#### INPUT RECORDS:
(* Let $0\le l\le\nu+\mu$ and suppose there exists $l_0\le l$ such that $|S_l^{l_0}(0)|=1$. Then $0\in T_l(M/K)$, i.e. there exists $l_1\le l$ with $|S_l^{l_1}(0)|=1$ and $S_l^a(0)=\varnothing$ for all $0\le a<l_1$.
   Context: Let $p$ be a prime and $K$ a field complete with respect to a discrete valuation whose residue field is perfect of characteristic $p$; fix a separable closure $K^{sep}$; $v_p$ is the $p$-adic valuation on $\mathbb{Z}$. $L/K$ is a finite totally ramified subextension of $K^{sep}/K$ of degree $n>1$ and $M/L$ a finite totally ramified subextension of $K^{sep}/L$ of degree $m>1$; $\nu=v_p(n)$, $\mu=v_p(m)$. For any such totally ramified extension $E/F$ of degree $N>1$ with $\eta=v_p(N)$, the indices of inseparability $i_0,\dots,i_\eta$ are defined by: choose uniformizers $\pi_F,\pi_E$, let $\hat{\mathcal{F}}(X)=\sum_{h\ge0}a_hX^{h+N}$ be the unique series with coefficients in the Teichmüller representatives of the residue field such that $\hat{\mathcal{F}}(\pi_E)=\pi_F$, put $\tilde{\imath}_j=\min\{h\ge0:v_p(h+N)\le j,\ a_h\ne0\}$ (or $\infty$), $i_\eta=0$ and $i_j=\min\{\tilde{\imath}_j,i_{j+1}+v_E(p)\}$ for $j=\eta-1,\dots,0$ ($v_E$ normalized with $v_E(E^\times)=\mathbb{Z}$, $v_E(p)=\infty$ in characteristic $p$). Set $\tilde{\phi}_{E/F}^j(x)=i_j+p^jx$ and $\phi_{E/F}^j(x)=\min\{\tilde{\phi}_{E/F}^{j_0}(x):0\le j_0\le j\}$. Let $i_j$ be the indices of $L/K$; define $\tilde{\phi}_{L/K}^{j,m}(x)=mi_j+p^jx$ and $\phi_{L/K}^{j,m}(x)=m\phi_{L/K}^j(x/m)$. For $0\le l\le\nu+\mu$ let $\Omega_l=\{(j,k):0\le j\le\nu,\ 0\le k\le\mu,\ j+k=l\}$, $\lambda_{M/K}^l(x)=\min\{\phi_{L/K}^{j,m}(\phi_{M/L}^k(x)):(j,k)\in\Omega_l\}$, and for $0\le a\le l$, $S_l^a(x)=\{(j,k)\in\Omega_a:\tilde{\phi}_{L/K}^{j,m}(\tilde{\phi}_{M/L}^k(x))=\lambda_{M/K}^l(x)\}$. Finally $T_l(M/K)=\{t\ge0:\exists\,l_1\le l\text{ with }|S_l^{l_1}(t)|=1\text{ and }|S_l^a(t)|=0\text{ for }0\le a<l_1\}$. *)

theory Defs
  imports Complex_Main "HOL-Computational_Algebra.Primes" "HOL-Library.Extended_Nat"
begin

text \<open>
  A finite totally ramified extension E/F of degree N is represented by the data that the
  indices of inseparability depend on:
    N  : the degree,
    A  : the support {h. a_h \<noteq> 0} of the series  F(X) = sum_h a_h X^(h+N)  with F(pi_E) = pi_F,
    vp : v_E(p) \<in> enat  (\<infinity> in characteristic p).
  The p-adic valuation v_p is multiplicity p.
\<close>

definition tilde_idx :: "nat \<Rightarrow> nat \<Rightarrow> nat set \<Rightarrow> nat \<Rightarrow> enat" where
  "tilde_idx p N A j =
     (if \<exists>h\<in>A. multiplicity p (h + N) \<le> j
      then enat (LEAST h. h \<in> A \<and> multiplicity p (h + N) \<le> j) else \<infinity>)"

text \<open>idx_aux k is the index i_(eta-k), computed downward from i_eta = 0.\<close>
primrec idx_aux :: "nat \<Rightarrow> nat \<Rightarrow> nat set \<Rightarrow> enat \<Rightarrow> nat \<Rightarrow> enat" where
  "idx_aux p N A vp 0 = 0"
| "idx_aux p N A vp (Suc k) =
     min (tilde_idx p N A (multiplicity p N - Suc k)) (idx_aux p N A vp k + vp)"

definition idx_e :: "nat \<Rightarrow> nat \<Rightarrow> nat set \<Rightarrow> enat \<Rightarrow> nat \<Rightarrow> enat" where
  "idx_e p N A vp j = idx_aux p N A vp (multiplicity p N - j)"

text \<open>The same, as a natural number (the indices are finite for separable extensions).\<close>
definition idx :: "nat \<Rightarrow> nat \<Rightarrow> nat set \<Rightarrow> enat \<Rightarrow> nat \<Rightarrow> nat" where
  "idx p N A vp j = the_enat (idx_e p N A vp j)"

definition phit :: "nat \<Rightarrow> nat \<Rightarrow> nat set \<Rightarrow> enat \<Rightarrow> nat \<Rightarrow> real \<Rightarrow> real" where
  "phit p N A vp j x = real (idx p N A vp j) + real p ^ j * x"

definition phi :: "nat \<Rightarrow> nat \<Rightarrow> nat set \<Rightarrow> enat \<Rightarrow> nat \<Rightarrow> real \<Rightarrow> real" where
  "phi p N A vp j x = Min ((\<lambda>j0. phit p N A vp j0 x) ` {..j})"

definition phit_m :: "nat \<Rightarrow> nat \<Rightarrow> nat set \<Rightarrow> enat \<Rightarrow> nat \<Rightarrow> nat \<Rightarrow> real \<Rightarrow> real" where
  "phit_m p N A vp m j x = real m * real (idx p N A vp j) + real p ^ j * x"

definition phi_m :: "nat \<Rightarrow> nat \<Rightarrow> nat set \<Rightarrow> enat \<Rightarrow> nat \<Rightarrow> nat \<Rightarrow> real \<Rightarrow> real" where
  "phi_m p N A vp m j x = real m * phi p N A vp j (x / real m)"

definition Omega :: "nat \<Rightarrow> nat \<Rightarrow> nat \<Rightarrow> (nat \<times> nat) set" where
  "Omega nu mu l = {(j, k). j \<le> nu \<and> k \<le> mu \<and> j + k = l}"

#### BRIEF:
Each line must be set down again exactly as above, with no line omitted.

#### OUTPUT:
(* Let $0\le l\le\nu+\mu$ and suppose there exists $l_0\le l$ such that $|S_l^{l_0}(0)|=1$. Then $0\in T_l(M/K)$, i.e. there exists $l_1\le l$ with $|S_l^{l_1}(0)|=1$ and $S_l^a(0)=\varnothing$ for all $0\le a<l_1$.
   Context: Let $p$ be a prime and $K$ a field complete with respect to a discrete valuation whose residue field is perfect of characteristic $p$; fix a separable closure $K^{sep}$; $v_p$ is the $p$-adic valuation on $\mathbb{Z}$. $L/K$ is a finite totally ramified subextension of $K^{sep}/K$ of degree $n>1$ and $M/L$ a finite totally ramified subextension of $K^{sep}/L$ of degree $m>1$; $\nu=v_p(n)$, $\mu=v_p(m)$. For any such totally ramified extension $E/F$ of degree $N>1$ with $\eta=v_p(N)$, the indices of inseparability $i_0,\dots,i_\eta$ are defined by: choose uniformizers $\pi_F,\pi_E$, let $\hat{\mathcal{F}}(X)=\sum_{h\ge0}a_hX^{h+N}$ be the unique series with coefficients in the Teichmüller representatives of the residue field such that $\hat{\mathcal{F}}(\pi_E)=\pi_F$, put $\tilde{\imath}_j=\min\{h\ge0:v_p(h+N)\le j,\ a_h\ne0\}$ (or $\infty$), $i_\eta=0$ and $i_j=\min\{\tilde{\imath}_j,i_{j+1}+v_E(p)\}$ for $j=\eta-1,\dots,0$ ($v_E$ normalized with $v_E(E^\times)=\mathbb{Z}$, $v_E(p)=\infty$ in characteristic $p$). Set $\tilde{\phi}_{E/F}^j(x)=i_j+p^jx$ and $\phi_{E/F}^j(x)=\min\{\tilde{\phi}_{E/F}^{j_0}(x):0\le j_0\le j\}$. Let $i_j$ be the indices of $L/K$; define $\tilde{\phi}_{L/K}^{j,m}(x)=mi_j+p^jx$ and $\phi_{L/K}^{j,m}(x)=m\phi_{L/K}^j(x/m)$. For $0\le l\le\nu+\mu$ let $\Omega_l=\{(j,k):0\le j\le\nu,\ 0\le k\le\mu,\ j+k=l\}$, $\lambda_{M/K}^l(x)=\min\{\phi_{L/K}^{j,m}(\phi_{M/L}^k(x)):(j,k)\in\Omega_l\}$, and for $0\le a\le l$, $S_l^a(x)=\{(j,k)\in\Omega_a:\tilde{\phi}_{L/K}^{j,m}(\tilde{\phi}_{M/L}^k(x))=\lambda_{M/K}^l(x)\}$. Finally $T_l(M/K)=\{t\ge0:\exists\,l_1\le l\text{ with }|S_l^{l_1}(t)|=1\text{ and }|S_l^a(t)|=0\text{ for }0\le a<l_1\}$. *)

theory Defs
  imports Complex_Main "HOL-Computational_Algebra.Primes" "HOL-Library.Extended_Nat"
begin

text \<open>
  A finite totally ramified extension E/F of degree N is represented by the data that the
  indices of inseparability depend on:
    N  : the degree,
    A  : the support {h. a_h \<noteq> 0} of the series  F(X) = sum_h a_h X^(h+N)  with F(pi_E) = pi_F,
    vp : v_E(p) \<in> enat  (\<infinity> in characteristic p).
  The p-adic valuation v_p is multiplicity p.
\<close>

definition tilde_idx :: "nat \<Rightarrow> nat \<Rightarrow> nat set \<Rightarrow> nat \<Rightarrow> enat" where
  "tilde_idx p N A j =
     (if \<exists>h\<in>A. multiplicity p (h + N) \<le> j
      then enat (LEAST h. h \<in> A \<and> multiplicity p (h + N) \<le> j) else \<infinity>)"

text \<open>idx_aux k is the index i_(eta-k), computed downward from i_eta = 0.\<close>
primrec idx_aux :: "nat \<Rightarrow> nat \<Rightarrow> nat set \<Rightarrow> enat \<Rightarrow> nat \<Rightarrow> enat" where
  "idx_aux p N A vp 0 = 0"
| "idx_aux p N A vp (Suc k) =
     min (tilde_idx p N A (multiplicity p N - Suc k)) (idx_aux p N A vp k + vp)"

definition idx_e :: "nat \<Rightarrow> nat \<Rightarrow> nat set \<Rightarrow> enat \<Rightarrow> nat \<Rightarrow> enat" where
  "idx_e p N A vp j = idx_aux p N A vp (multiplicity p N - j)"

text \<open>The same, as a natural number (the indices are finite for separable extensions).\<close>
definition idx :: "nat \<Rightarrow> nat \<Rightarrow> nat set \<Rightarrow> enat \<Rightarrow> nat \<Rightarrow> nat" where
  "idx p N A vp j = the_enat (idx_e p N A vp j)"

definition phit :: "nat \<Rightarrow> nat \<Rightarrow> nat set \<Rightarrow> enat \<Rightarrow> nat \<Rightarrow> real \<Rightarrow> real" where
  "phit p N A vp j x = real (idx p N A vp j) + real p ^ j * x"

definition phi :: "nat \<Rightarrow> nat \<Rightarrow> nat set \<Rightarrow> enat \<Rightarrow> nat \<Rightarrow> real \<Rightarrow> real" where
  "phi p N A vp j x = Min ((\<lambda>j0. phit p N A vp j0 x) ` {..j})"

definition phit_m :: "nat \<Rightarrow> nat \<Rightarrow> nat set \<Rightarrow> enat \<Rightarrow> nat \<Rightarrow> nat \<Rightarrow> real \<Rightarrow> real" where
  "phit_m p N A vp m j x = real m * real (idx p N A vp j) + real p ^ j * x"

definition phi_m :: "nat \<Rightarrow> nat \<Rightarrow> nat set \<Rightarrow> enat \<Rightarrow> nat \<Rightarrow> nat \<Rightarrow> real \<Rightarrow> real" where
  "phi_m p N A vp m j x = real m * phi p N A vp j (x / real m)"

definition Omega :: "nat \<Rightarrow> nat \<Rightarrow> nat \<Rightarrow> (nat \<times> nat) set" where
  "Omega nu mu l = {(j, k). j \<le> nu \<and> k \<le> mu \<and> j + k = l}"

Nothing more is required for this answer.